Logic and Proof
One way to modify a statement is to negate it. This just means to say the statement isn't true (which, in case you were wondering, isn't the same as having an argument). For example, the negation of, "Bacon is delicious," would be, "It is not true that bacon is delicious," or more simply, "Bacon is not delicious." That's a silly example to use though, because everyone knows bacon is delicious.
Mathematical negation differs a bit from our negation in everyday English. For example, if you say to your friend in a heated argument, "I don't think Edward can even compare to that dreamy Jacob," you really mean, "I think Edward is ugly and Jacob is a were-hottie."

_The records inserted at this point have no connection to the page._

lemma walk_last_edge:
  assumes "walk T vs es" "es \<noteq> []"
  shows "esrc (edges T ! last es) = last vs \<or> etgt (edges T ! last es) = last vs"
proof -
  define i where "i = length es - 1"
  have i: "i < length es" "Suc i = length es" using assms(2) by (auto simp: i_def)
  have "joins T (es ! i) (vs ! i) (vs ! Suc i)" using assms(1) i(1) by (simp add: walk_def)
  moreover have "last es = es ! i" using assms(2) by (simp add: last_conv_nth i_def)
  moreover have "last vs = vs ! Suc i"
    using assms(1) i walk_nonempty[OF assms(1)] by (simp add: walk_def last_conv_nth)
  ultimately show ?thesis by (auto simp: joins_def)
qed

lemma walk_from_last_visit:
  "walk T vs es \<Longrightarrow> x \<in> set vs \<Longrightarrow> x \<noteq> last vs \<Longrightarrow>
   \<exists>vs' es'. walk T vs' es' \<and> hd vs' = x \<and> last vs' = last vs \<and> x \<notin> set (tl vs') \<and> set es' \<subseteq> set es"
proof (induction es arbitrary: vs)
  case (Cons e es)
  from Cons.prems(1) obtain v w vs' where
    vs: "vs = v # w # vs'" "walk T (w # vs') es"
    by (rule walk_ConsE)
  show ?case
  proof (cases "x \<in> set (w # vs')")
    case True
    with Cons.IH[OF vs(2)] Cons.prems(3) vs(1) show ?thesis by fastforce
  next
    case False
    with Cons.prems vs show ?thesis by (intro exI[of _ vs] exI[of _ "e # es"]) auto
  qed
qed (auto simp: walk_Nil_iff)

lemma walk_to_path:
  "walk T vs es \<Longrightarrow>
   \<exists>vs' es'. walk T vs' es' \<and> hd vs' = hd vs \<and> last vs' = last vs \<and> distinct vs' \<and> set es' \<subseteq> set es"
proof (induction es arbitrary: vs)
  case Nil
  then show ?case by (intro exI[of _ vs] exI[of _ "[]"]) (auto simp: walk_Nil_iff)
next
  case (Cons e es)
  from Cons.prems(1) obtain v w vs' where
    vs: "vs = v # w # vs'" "e < length (edges T)" "joins T e v w" "walk T (w # vs') es"
    by (rule walk_ConsE)
  from Cons.IH[OF vs(4)] obtain ps fs where
    ps: "walk T ps fs" "hd ps = w" "last ps = last vs" "distinct ps" "set fs \<subseteq> set es"
    using vs(1) by auto
  show ?case
  proof (cases "v \<in> set ps")
    case False
    obtain ps' where "ps = w # ps'" using walk_nonempty[OF ps(1)] ps(2) by (cases ps) auto
    then have "walk T (v # ps) (e # fs)" using ps(1) vs(2,3) by (simp add: walk_Cons)
    moreover have "last (v # ps) = last vs" using ps(3) walk_nonempty[OF ps(1)] by simp
    ultimately show ?thesis using False ps(4,5) vs(1) by (intro exI[of _ "v # ps"] exI[of _ "e # fs"]) auto
  next
    case True
    then obtain k where k: "k < length ps" "ps ! k = v" by (metis in_set_conv_nth)
    have "length ps = Suc (length fs)" using ps(1) by (simp add: walk_def)
    then have "walk T (drop k ps) (drop k fs)" using ps(1) k by (intro walk_drop) auto
    moreover have "set (drop k fs) \<subseteq> set (e # es)" using ps(5) set_drop_subset[of k fs] by auto
    ultimately show ?thesis using k ps vs(1) by (intro exI[of _ "drop k ps"] exI[of _ "drop k fs"])
      (auto simp: hd_drop_conv_nth)
  qed
qed

lemma path_distinct_edges: "walk T vs es \<Longrightarrow> distinct vs \<Longrightarrow> distinct es"
proof (induction es arbitrary: vs)
  case (Cons e es)
  from Cons.prems(1) obtain v w vs' where
    vs: "vs = v # w # vs'" "joins T e v w" "walk T (w # vs') es"
    by (rule walk_ConsE)
  have "e \<notin> set es"
  proof
    assume "e \<in> set es"
    then have "v \<in> set (w # vs')" using walk_edge_endpoints[OF vs(3)] vs(2) by (auto simp: joins_def)
    then show False using Cons.prems(2) vs(1) by simp
  qed
  then show ?case using Cons.IH[OF vs(3)] Cons.prems(2) vs(1) by simp
qed simp

lemma adj_rtrancl_walk:
  assumes "(x, y) \<in> (adj T)\<^sup>*"
  shows "\<exists>vs es. walk T vs es \<and> hd vs = x \<and> last vs = y"
  using assms
proof (induction rule: rtrancl_induct)
  case base
  show ?case by (intro exI[of _ "[x]"] exI[of _ "[]"]) simp
next
  case (step y z)
  from step.IH obtain vs es where w: "walk T vs es" "hd vs = x" "last vs = y" by blast
  from step.hyps(2) obtain e where
    e: "e \<in> set (edges T)" "(esrc e = y \<and> etgt e = z) \<or> (etgt e = y \<and> esrc e = z)"
    unfolding adj_def by blast
  then obtain k where "k < length (edges T)" "edges T ! k = e" by (metis in_set_conv_nth)
  with e have "walk T [y, z] [k]" by (simp add: walk_Cons joins_def)
  from walk_append[OF w(1) this] w(3) have "walk T (vs @ [z]) (es @ [k])" by simp
  then show ?case using w walk_nonempty[OF w(1)] by (intro exI[of _ "vs @ [z]"] exI[of _ "es @ [k]"]) simp
qed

However, when a mathematician says, "I don't think Edward can even compare to that dreamy Jacob," she is actually saying that the two cannot be compared. Who knows what she actually thinks? She may think they are both ugly, or that neither is actually hot, but that each is attractive in their own unique way. (Actually, she is probably busy working on some groundbreaking theorem while everybody around her is pestering her with vampire gossip.)
The bottom line is that negations don't allow us to conclude very much.

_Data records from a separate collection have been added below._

lemma sum_eigen_factor_times_single_diff:
  assumes q: "q \<ge> 2" and yi: "y ! i < q"
  shows "(\<Sum>v<q. eigen_factor q S i v * single_diff_factor y i i v)
    = (if i \<in> S then 1 else 0) - eigen_factor q S i (y ! i)"
proof -
  have "(\<Sum>v<q. eigen_factor q S i v * single_diff_factor y i i v)
      = (\<Sum>v<q. eigen_factor q S i v - (if v = y ! i then eigen_factor q S i v else 0))"
    by (rule sum.cong) (auto simp: single_diff_factor_def)
  also have "\<dots> = (\<Sum>v<q. eigen_factor q S i v) - eigen_factor q S i (y ! i)"
    using yi by (simp add: sum_subtractf sum.delta')
  finally show ?thesis using q by (simp add: sum_eigen_factor)
qed

lemma prod_sum_eigen_factor_times_single_diff:
  assumes q: "q \<ge> 2" and y: "y \<in> hamming_space n q" and i: "i < n"
  shows "(\<Prod>j<n. \<Sum>v<q. eigen_factor q S j v * single_diff_factor y i j v)
    = (if i \<in> S then real q * eigenfunction n q S y else 0) - eigenfunction n q S y"
proof -
  have yq: "\<And>j. j < n \<Longrightarrow> y ! j < q" using y by (auto simp: hamming_space_def)
  define R where "R = (\<Prod>j\<in>{..<n}-{i}. eigen_factor q S j (y ! j))"
  have ef: "eigenfunction n q S y = eigen_factor q S i (y ! i) * R"
    unfolding eigenfunction_def R_def using i by (simp add: prod.remove)
  have other: "(\<Sum>v<q. eigen_factor q S j v * single_diff_factor y i j v) = eigen_factor q S j (y ! j)"
    if "j < n" "j \<noteq> i" for j
    using that yq[OF that(1)] by (simp add: single_diff_factor_def if_distrib sum.delta' cong: if_cong)
  have "(\<Prod>j<n. \<Sum>v<q. eigen_factor q S j v * single_diff_factor y i j v)
      = (\<Sum>v<q. eigen_factor q S i v * single_diff_factor y i i v)
        * (\<Prod>j\<in>{..<n}-{i}. \<Sum>v<q. eigen_factor q S j v * single_diff_factor y i j v)"
    using i by (simp add: prod.remove)
  also have "(\<Prod>j\<in>{..<n}-{i}. \<Sum>v<q. eigen_factor q S j v * single_diff_factor y i j v) = R"
    unfolding R_def by (rule prod.cong) (auto simp: other)
  finally have prod_eq: "(\<Prod>j<n. \<Sum>v<q. eigen_factor q S j v * single_diff_factor y i j v)
      = ((if i \<in> S then 1 else 0) - eigen_factor q S i (y ! i)) * R"
    using sum_eigen_factor_times_single_diff[OF q yq[OF i]] by simp
  show ?thesis
  proof (cases "i \<in> S")
    case True
    then have "eigen_factor q S i (y ! i) = 1 / real q" by (simp add: eigen_factor_def)
    then show ?thesis using prod_eq ef True q by (simp add: field_simps)
  next
    case False
    then show ?thesis using prod_eq ef by simp
  qed
qed

lemma eigenfunction_trans_p:
  assumes q: "q \<ge> 2" and n: "n \<ge> 1" and S: "S \<subseteq> {..<n}" and y: "y \<in> hamming_space n q"
  shows "(\<Sum>z\<in>hamming_space n q. eigenfunction n q S z * trans_p n q z y)
    = eigenvalue n q S * eigenfunction n q S y"
proof -
  define N where "N = real n * (real q - 1)"
  have N: "N > 0" using q n by (simp add: N_def)
  have tp: "trans_p n q z y = (1 / N) * (\<Sum>i<n. \<Prod>j<n. single_diff_factor y i j (z ! j))"
    if "z \<in> hamming_space n q" for z
  proof -
    have "length z = n" using that by (simp add: hamming_space_def)
    moreover have "trans_p n q z y = (1 / N) * (if hdist z y = 1 then 1 else 0)"
      by (simp add: trans_p_def N_def)
    ultimately show ?thesis using hdist_eq_1_indicator[of z n y] by simp
  qed
  have "(\<Sum>z\<in>hamming_space n q. eigenfunction n q S z * trans_p n q z y)
      = (1 / N) * (\<Sum>i<n. \<Sum>z\<in>hamming_space n q.
          \<Prod>j<n. eigen_factor q S j (z ! j) * single_diff_factor y i j (z ! j))"
    by (simp add: tp eigenfunction_def sum_distrib_left sum_distrib_right prod.distrib
        sum.swap[of _ "{..<n}"] mult_ac)
  also have "\<dots> = (1 / N) * (\<Sum>i<n. \<Prod>j<n. \<Sum>v<q. eigen_factor q S j v * single_diff_factor y i j v)"
    by (simp add: sum_hamming_space_prod[where f = "\<lambda>j v. eigen_factor q S j v * single_diff_factor y _ j v"])
  also have "\<dots> = (1 / N) * (\<Sum>i<n. (if i \<in> S then real q * eigenfunction n q S y else 0)
      - eigenfunction n q S y)"
    using prod_sum_eigen_factor_times_single_diff[OF q y] by simp
  also have "\<dots> = (1 / N) * ((real q * real (card S) - real n) * eigenfunction n q S y)"
    using S by (simp add: sum_subtractf sum.If_cases Int_absorb1 algebra_simps)
  also have "\<dots> = eigenvalue n q S * eigenfunction n q S y"
  proof -
    have "real (n - card S) = real n - real (card S)"
      using card_mono[OF _ S] by (simp add: of_nat_diff)
    then have "eigenvalue n q S = (N - real q * (real n - real (card S))) / N"
      using N q n unfolding eigenvalue_def N_def by (simp add: diff_divide_distrib)
    also have "N - real q * (real n - real (card S)) = real q * real (card S) - real n"
      by (simp add: N_def algebra_simps)
    finally show ?thesis by simp
  qed
  finally show ?thesis .
qed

Even the simple act of negation can get really complicated really quickly. Consider the statement, "This statement is not true." Is it true, or isn't it? If it's true, then we can trust what it says. But… that means that it's false. Similarly, when it's false, that means it's true. There's no way to make any sense of this madness! What ever will we do?
While this seems like a fluke, it has pestered both linguists and logicians for centuries. Modern mathematicians have developed a formal way of avoiding such conundrums by putting up restrictions on the kind of statements they can make (another victory for censorship). We should probably do the same, since statements like that just cause headaches.